**Source material:**
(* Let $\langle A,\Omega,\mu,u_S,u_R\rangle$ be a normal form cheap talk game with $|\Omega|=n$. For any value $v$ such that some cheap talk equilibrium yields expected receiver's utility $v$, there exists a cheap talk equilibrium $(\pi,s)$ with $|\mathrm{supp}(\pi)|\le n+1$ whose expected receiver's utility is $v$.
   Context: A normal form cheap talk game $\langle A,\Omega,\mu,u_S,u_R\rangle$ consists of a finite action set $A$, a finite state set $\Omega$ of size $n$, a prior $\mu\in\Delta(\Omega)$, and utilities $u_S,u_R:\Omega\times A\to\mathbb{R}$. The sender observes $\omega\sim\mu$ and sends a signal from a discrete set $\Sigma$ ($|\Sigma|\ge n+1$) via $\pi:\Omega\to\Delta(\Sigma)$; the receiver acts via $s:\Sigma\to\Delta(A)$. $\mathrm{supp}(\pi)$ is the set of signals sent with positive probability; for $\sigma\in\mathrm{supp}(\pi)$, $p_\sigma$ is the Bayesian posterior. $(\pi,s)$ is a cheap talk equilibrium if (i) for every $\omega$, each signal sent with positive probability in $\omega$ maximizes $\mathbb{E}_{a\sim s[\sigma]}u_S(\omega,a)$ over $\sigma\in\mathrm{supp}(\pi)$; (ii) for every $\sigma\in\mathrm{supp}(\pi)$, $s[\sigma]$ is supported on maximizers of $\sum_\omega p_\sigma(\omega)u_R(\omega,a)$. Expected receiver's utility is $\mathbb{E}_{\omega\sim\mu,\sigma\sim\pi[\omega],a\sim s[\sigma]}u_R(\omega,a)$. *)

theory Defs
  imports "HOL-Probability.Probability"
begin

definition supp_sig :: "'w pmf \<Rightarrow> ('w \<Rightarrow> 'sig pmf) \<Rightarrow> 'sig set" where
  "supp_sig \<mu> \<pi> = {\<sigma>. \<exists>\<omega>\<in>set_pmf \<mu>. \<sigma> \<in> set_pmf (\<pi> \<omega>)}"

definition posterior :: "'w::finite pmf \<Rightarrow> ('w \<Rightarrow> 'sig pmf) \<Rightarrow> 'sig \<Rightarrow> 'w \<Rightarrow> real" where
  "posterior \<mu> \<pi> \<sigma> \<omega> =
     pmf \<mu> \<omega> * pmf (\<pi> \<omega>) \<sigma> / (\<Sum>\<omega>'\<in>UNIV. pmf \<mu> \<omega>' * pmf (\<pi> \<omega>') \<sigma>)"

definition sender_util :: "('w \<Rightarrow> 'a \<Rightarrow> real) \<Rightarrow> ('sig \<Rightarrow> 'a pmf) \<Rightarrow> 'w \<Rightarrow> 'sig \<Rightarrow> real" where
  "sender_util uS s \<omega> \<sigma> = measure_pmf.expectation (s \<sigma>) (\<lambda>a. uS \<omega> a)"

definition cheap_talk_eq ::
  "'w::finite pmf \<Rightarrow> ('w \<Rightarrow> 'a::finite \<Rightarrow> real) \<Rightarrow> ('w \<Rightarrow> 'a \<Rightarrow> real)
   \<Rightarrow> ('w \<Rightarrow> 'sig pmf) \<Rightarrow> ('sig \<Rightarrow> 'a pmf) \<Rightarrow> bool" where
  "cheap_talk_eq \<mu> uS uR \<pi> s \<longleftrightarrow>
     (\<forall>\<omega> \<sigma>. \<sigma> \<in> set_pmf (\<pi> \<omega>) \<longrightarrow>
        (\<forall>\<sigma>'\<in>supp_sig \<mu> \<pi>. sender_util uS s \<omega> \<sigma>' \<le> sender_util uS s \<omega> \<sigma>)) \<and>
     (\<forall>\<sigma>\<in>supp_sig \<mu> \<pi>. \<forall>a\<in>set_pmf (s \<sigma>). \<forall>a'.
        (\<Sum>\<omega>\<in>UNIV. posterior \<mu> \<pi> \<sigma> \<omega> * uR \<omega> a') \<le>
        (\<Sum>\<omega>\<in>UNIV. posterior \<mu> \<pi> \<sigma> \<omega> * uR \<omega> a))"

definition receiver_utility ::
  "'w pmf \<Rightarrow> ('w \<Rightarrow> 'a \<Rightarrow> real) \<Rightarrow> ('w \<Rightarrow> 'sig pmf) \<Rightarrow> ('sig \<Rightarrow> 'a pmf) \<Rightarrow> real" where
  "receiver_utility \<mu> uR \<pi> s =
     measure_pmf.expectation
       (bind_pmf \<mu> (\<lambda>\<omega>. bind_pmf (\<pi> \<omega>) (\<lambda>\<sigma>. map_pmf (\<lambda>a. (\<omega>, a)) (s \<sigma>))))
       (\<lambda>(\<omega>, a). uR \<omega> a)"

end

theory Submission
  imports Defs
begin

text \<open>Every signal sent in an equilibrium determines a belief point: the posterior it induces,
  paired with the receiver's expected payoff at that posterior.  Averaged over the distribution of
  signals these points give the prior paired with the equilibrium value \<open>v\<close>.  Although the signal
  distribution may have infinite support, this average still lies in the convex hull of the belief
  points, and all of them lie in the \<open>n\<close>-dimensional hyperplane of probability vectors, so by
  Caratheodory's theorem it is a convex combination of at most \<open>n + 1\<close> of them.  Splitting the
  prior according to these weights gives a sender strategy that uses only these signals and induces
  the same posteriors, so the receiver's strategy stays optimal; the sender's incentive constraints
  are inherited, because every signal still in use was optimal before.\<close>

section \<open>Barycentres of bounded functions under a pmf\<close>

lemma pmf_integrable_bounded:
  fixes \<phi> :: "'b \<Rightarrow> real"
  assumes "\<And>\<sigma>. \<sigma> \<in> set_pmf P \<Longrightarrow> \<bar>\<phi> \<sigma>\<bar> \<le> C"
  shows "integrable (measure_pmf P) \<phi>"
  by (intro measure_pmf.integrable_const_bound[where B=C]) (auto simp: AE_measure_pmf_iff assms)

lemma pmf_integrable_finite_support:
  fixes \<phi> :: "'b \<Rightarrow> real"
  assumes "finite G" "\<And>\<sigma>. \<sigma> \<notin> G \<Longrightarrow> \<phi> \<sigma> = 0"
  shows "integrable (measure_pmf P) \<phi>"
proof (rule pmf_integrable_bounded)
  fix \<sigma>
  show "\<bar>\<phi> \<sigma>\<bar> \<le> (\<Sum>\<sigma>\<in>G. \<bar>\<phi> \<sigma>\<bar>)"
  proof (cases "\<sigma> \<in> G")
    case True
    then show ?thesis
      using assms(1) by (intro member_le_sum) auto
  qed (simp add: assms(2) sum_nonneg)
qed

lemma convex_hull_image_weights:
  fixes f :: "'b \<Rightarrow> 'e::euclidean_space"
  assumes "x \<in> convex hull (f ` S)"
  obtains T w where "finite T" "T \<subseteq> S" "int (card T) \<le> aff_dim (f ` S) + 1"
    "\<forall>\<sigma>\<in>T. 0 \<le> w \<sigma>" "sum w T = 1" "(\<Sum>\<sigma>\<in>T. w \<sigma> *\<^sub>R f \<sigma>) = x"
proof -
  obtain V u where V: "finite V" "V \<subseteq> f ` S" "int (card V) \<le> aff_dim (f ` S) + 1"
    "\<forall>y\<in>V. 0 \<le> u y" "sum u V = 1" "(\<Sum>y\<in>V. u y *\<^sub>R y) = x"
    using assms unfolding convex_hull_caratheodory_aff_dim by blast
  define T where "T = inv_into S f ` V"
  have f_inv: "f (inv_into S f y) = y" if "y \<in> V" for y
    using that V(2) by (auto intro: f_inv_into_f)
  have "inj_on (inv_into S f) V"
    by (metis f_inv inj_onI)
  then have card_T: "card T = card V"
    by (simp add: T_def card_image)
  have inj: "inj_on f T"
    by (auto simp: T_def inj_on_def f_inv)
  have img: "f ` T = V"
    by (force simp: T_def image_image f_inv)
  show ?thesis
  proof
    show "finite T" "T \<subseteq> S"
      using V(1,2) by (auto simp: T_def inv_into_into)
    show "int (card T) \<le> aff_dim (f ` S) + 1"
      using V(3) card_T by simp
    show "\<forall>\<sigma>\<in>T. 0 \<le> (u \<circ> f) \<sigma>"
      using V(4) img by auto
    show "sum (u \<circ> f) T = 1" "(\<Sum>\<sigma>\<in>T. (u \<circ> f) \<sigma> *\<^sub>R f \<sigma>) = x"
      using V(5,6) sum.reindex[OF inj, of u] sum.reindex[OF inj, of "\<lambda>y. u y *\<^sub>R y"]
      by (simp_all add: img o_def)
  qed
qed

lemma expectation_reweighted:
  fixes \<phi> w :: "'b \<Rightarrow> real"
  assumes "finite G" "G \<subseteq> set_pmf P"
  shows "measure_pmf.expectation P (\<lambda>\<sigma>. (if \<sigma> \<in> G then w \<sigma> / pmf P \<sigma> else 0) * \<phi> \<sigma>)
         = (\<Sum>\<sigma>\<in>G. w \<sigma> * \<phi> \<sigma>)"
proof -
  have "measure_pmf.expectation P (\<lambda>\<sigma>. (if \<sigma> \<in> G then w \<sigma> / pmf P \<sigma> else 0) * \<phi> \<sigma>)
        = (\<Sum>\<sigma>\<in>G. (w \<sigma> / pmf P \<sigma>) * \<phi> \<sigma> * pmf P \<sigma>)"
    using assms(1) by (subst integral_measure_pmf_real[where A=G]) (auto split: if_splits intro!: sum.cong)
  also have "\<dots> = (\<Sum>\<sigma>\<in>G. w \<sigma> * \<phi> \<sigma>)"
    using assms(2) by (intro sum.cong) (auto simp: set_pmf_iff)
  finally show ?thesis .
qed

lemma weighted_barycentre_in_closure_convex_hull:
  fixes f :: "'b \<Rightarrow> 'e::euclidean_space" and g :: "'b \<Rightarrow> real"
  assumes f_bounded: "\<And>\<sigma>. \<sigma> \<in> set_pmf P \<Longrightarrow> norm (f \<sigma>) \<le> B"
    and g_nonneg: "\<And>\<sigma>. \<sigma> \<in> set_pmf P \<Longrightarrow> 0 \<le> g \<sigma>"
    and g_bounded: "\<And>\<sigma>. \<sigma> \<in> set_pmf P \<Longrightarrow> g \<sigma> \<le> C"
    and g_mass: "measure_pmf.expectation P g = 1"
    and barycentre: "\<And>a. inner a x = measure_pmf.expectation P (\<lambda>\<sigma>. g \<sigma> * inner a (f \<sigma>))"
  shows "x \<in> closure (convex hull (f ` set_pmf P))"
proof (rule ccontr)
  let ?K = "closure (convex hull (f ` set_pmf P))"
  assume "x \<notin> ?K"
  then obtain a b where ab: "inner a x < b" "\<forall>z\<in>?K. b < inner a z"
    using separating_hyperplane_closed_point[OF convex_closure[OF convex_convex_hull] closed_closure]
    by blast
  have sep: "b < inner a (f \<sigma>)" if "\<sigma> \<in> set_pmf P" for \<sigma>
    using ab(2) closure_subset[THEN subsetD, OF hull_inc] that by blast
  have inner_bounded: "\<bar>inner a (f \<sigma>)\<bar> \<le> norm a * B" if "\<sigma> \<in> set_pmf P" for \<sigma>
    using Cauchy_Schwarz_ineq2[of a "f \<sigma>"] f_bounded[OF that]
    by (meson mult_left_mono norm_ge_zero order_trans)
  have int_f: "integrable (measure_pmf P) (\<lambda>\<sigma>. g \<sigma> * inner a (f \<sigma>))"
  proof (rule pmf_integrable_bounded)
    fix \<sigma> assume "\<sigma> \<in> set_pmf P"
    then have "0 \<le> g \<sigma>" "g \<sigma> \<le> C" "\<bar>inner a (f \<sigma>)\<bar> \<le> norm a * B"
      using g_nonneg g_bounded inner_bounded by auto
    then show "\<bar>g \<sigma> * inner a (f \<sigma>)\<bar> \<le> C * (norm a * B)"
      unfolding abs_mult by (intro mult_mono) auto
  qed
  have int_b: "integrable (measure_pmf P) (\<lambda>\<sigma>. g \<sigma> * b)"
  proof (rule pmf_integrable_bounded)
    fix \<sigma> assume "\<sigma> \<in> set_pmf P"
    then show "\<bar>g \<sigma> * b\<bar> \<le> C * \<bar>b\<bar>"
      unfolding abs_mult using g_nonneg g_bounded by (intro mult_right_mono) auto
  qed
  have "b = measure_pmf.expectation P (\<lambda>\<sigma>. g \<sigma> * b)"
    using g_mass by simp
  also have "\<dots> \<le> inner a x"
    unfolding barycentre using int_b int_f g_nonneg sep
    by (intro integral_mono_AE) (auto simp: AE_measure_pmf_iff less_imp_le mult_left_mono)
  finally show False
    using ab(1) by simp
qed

**Requirement:** The word is "shows". Copy every line above where it appears.

**Answer:**
  shows "integrable (measure_pmf P) \<phi>"
  shows "integrable (measure_pmf P) \<phi>"
  shows "measure_pmf.expectation P (\<lambda>\<sigma>. (if \<sigma> \<in> G then w \<sigma> / pmf P \<sigma> else 0) * \<phi> \<sigma>)
  shows "x \<in> closure (convex hull (f ` set_pmf P))"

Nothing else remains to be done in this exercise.